::: RECORDED INFORMATION :::

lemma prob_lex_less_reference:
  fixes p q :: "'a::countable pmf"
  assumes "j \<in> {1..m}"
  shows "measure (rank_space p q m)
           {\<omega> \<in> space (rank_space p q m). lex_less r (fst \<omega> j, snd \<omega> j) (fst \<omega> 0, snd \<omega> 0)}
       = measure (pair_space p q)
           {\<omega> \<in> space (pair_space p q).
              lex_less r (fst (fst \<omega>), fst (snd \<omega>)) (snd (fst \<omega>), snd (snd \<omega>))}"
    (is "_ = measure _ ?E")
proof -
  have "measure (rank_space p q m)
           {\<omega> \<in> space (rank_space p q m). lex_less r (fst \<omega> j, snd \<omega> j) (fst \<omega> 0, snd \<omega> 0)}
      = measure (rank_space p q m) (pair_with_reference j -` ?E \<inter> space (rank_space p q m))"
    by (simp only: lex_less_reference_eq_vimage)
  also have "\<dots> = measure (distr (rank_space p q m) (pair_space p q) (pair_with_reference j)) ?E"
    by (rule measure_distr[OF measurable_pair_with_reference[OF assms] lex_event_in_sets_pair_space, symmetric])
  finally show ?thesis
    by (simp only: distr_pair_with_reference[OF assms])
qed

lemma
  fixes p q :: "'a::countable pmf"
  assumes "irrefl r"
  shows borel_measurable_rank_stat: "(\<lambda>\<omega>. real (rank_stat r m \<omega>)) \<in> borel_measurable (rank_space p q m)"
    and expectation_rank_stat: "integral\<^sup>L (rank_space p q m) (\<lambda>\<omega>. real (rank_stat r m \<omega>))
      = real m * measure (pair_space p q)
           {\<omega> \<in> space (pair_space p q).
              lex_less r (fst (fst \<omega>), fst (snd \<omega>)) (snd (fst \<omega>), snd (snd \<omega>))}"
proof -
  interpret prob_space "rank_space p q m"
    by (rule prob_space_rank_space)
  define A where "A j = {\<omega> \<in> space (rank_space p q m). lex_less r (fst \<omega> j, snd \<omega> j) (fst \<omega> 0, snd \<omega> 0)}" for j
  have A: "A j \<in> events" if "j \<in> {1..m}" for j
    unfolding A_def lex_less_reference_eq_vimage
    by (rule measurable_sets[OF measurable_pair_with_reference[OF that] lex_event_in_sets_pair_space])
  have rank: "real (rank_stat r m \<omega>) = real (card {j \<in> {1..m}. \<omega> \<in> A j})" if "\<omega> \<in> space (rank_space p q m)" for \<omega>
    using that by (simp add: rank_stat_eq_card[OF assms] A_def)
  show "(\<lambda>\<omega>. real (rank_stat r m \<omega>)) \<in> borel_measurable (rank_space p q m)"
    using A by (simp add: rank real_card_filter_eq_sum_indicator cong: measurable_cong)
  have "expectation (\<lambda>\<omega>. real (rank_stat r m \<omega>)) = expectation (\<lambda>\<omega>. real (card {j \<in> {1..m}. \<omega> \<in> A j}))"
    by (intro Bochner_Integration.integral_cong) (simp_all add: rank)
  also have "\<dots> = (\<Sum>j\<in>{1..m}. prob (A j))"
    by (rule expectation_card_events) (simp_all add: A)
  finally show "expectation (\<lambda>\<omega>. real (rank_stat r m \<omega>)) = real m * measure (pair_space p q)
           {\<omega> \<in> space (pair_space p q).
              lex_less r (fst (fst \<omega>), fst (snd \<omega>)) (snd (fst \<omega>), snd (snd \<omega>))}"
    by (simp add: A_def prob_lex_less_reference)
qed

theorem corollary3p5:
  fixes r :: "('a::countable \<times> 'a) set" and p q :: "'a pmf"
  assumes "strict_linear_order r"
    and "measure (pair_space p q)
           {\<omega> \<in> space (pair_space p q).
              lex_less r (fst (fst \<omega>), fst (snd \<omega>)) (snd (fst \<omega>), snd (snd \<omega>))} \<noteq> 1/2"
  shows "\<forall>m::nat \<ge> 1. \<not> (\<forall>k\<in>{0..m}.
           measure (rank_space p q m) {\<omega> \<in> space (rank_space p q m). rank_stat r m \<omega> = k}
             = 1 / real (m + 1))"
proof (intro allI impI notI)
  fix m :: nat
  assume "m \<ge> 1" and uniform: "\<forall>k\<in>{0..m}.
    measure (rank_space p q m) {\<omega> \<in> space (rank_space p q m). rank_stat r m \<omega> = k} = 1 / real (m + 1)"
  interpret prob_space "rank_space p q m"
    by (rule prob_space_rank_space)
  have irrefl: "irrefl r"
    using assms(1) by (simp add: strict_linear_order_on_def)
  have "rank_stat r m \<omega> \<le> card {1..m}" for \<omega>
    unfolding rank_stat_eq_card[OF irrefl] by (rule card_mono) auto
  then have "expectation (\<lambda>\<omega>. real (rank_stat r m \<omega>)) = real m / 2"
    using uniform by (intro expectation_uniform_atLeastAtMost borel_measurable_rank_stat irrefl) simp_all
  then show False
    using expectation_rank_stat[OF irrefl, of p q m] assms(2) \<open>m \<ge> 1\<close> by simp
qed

:::
::: RECORDED INFORMATION :::

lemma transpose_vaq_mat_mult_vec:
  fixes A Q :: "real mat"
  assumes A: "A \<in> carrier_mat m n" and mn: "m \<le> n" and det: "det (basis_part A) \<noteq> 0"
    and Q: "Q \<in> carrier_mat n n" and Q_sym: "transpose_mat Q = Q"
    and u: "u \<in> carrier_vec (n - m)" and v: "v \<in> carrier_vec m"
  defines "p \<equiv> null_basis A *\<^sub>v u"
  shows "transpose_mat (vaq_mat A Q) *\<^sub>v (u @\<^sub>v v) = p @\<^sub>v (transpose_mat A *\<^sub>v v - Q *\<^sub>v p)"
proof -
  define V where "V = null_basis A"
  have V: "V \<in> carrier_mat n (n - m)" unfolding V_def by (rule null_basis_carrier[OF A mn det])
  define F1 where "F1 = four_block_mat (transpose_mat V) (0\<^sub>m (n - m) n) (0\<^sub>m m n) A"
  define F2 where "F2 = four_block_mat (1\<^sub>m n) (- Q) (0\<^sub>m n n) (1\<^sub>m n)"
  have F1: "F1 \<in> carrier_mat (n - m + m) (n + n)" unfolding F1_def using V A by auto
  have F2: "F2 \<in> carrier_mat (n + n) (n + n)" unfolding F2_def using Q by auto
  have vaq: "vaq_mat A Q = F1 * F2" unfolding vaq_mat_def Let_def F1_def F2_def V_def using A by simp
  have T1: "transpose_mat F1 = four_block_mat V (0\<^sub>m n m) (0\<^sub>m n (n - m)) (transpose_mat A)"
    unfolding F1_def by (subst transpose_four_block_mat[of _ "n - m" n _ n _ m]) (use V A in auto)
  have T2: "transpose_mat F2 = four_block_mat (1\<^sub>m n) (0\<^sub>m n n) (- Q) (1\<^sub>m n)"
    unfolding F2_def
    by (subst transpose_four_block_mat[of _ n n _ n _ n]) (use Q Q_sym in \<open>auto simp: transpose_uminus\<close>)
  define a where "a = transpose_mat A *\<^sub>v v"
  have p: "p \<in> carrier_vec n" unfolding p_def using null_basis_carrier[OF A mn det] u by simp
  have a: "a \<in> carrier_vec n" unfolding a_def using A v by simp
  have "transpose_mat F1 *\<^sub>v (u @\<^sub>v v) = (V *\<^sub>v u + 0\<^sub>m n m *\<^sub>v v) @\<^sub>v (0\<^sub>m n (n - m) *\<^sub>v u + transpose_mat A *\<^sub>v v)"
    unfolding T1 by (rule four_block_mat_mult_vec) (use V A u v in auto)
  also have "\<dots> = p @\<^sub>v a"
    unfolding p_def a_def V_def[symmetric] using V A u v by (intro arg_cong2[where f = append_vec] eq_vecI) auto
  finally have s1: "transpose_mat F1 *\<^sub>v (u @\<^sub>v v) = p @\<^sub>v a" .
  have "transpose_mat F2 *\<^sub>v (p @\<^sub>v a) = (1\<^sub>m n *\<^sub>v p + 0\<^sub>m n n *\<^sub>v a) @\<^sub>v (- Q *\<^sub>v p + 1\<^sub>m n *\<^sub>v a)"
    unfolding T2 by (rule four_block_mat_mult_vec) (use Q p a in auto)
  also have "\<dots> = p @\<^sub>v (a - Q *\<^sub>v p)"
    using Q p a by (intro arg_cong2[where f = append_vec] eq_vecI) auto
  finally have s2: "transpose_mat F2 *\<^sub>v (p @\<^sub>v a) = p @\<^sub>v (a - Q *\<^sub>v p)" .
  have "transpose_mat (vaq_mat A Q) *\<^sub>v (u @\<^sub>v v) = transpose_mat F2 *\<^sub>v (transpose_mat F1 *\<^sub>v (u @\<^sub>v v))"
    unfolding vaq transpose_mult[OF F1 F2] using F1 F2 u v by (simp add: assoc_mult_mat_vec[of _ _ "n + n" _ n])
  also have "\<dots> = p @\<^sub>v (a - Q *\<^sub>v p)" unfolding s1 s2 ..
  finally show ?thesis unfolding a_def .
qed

:::
::: RECORDED INFORMATION :::

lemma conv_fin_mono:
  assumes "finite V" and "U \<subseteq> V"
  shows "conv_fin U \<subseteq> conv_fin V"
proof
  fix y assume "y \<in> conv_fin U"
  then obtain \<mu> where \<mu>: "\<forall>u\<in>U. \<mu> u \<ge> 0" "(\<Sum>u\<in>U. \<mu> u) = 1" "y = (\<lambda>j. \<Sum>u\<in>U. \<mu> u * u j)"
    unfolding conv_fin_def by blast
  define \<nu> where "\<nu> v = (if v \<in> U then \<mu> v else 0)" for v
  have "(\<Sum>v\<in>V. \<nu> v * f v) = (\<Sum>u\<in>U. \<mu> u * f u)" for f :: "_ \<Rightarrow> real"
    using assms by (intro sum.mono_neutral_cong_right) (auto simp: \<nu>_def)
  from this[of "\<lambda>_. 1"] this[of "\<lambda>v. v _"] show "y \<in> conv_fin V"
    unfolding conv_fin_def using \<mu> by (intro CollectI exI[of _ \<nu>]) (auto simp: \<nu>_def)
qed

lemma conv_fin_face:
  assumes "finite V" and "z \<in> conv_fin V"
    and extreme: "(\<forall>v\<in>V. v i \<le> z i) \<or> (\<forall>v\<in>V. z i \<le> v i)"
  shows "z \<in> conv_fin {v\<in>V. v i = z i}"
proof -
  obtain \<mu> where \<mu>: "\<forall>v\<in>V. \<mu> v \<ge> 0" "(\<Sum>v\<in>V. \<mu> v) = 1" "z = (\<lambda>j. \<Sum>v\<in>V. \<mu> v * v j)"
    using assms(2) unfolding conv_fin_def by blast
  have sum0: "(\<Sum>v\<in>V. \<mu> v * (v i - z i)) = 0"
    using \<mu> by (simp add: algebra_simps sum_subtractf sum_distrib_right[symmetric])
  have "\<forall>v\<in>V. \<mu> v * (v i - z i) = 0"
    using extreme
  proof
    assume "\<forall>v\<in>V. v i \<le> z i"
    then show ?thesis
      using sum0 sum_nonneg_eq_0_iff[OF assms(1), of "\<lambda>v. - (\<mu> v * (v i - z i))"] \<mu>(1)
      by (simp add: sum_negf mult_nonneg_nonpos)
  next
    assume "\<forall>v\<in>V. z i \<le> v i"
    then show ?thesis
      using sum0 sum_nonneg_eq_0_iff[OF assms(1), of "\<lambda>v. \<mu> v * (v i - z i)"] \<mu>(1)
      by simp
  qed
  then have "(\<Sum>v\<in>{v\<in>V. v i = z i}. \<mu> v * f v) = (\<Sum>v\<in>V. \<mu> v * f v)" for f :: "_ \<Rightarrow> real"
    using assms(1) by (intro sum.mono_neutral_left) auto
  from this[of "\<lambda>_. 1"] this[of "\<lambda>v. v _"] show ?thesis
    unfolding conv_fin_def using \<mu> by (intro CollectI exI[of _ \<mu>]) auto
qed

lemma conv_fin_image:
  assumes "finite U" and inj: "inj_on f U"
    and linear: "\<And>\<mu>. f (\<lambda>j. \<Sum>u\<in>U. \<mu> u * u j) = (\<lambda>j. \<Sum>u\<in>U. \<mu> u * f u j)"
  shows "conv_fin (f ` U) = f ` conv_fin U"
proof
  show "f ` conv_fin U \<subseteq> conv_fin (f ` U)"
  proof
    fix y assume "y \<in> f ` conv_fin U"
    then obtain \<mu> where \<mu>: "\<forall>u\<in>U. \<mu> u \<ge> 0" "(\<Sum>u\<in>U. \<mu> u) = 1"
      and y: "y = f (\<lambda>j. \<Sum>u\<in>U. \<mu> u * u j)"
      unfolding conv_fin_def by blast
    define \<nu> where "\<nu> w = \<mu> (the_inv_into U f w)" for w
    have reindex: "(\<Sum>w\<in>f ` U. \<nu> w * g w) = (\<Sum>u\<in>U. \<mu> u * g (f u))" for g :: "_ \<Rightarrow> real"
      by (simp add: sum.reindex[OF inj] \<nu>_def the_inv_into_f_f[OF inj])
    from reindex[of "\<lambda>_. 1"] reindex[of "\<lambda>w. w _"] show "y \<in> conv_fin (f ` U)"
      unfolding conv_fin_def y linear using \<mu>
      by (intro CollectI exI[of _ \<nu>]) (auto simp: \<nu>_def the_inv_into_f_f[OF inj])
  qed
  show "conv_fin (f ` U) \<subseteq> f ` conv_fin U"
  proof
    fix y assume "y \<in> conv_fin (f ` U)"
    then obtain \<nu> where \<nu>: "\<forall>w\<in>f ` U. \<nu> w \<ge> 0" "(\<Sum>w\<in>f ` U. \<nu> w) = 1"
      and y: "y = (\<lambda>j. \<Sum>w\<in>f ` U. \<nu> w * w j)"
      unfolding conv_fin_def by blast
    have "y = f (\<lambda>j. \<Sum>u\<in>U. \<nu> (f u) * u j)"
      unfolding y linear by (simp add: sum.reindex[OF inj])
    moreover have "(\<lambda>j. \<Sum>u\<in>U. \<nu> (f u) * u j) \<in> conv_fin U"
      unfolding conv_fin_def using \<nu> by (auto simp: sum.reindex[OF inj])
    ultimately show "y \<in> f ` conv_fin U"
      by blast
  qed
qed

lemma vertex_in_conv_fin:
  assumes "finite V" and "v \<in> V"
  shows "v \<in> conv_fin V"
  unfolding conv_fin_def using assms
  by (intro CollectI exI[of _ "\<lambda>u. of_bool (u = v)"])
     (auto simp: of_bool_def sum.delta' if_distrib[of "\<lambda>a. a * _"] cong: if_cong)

:::

TRY IT ::
List every line in the records above that contains the word "assms".

SOLUTION TO THIS TASK ::
    by (rule measure_distr[OF measurable_pair_with_reference[OF assms] lex_event_in_sets_pair_space, symmetric])
    by (simp only: distr_pair_with_reference[OF assms])
    using that by (simp add: rank_stat_eq_card[OF assms] A_def)
    using assms(1) by (simp add: strict_linear_order_on_def)
    using expectation_rank_stat[OF irrefl, of p q m] assms(2) \<open>m \<ge> 1\<close> by simp
    using assms by (intro sum.mono_neutral_cong_right) (auto simp: \<nu>_def)
    using assms(2) unfolding conv_fin_def by blast
      using sum0 sum_nonneg_eq_0_iff[OF assms(1), of "\<lambda>v. - (\<mu> v * (v i - z i))"] \<mu>(1)
      using sum0 sum_nonneg_eq_0_iff[OF assms(1), of "\<lambda>v. \<mu> v * (v i - z i)"] \<mu>(1)
    using assms(1) by (intro sum.mono_neutral_left) auto
  unfolding conv_fin_def using assms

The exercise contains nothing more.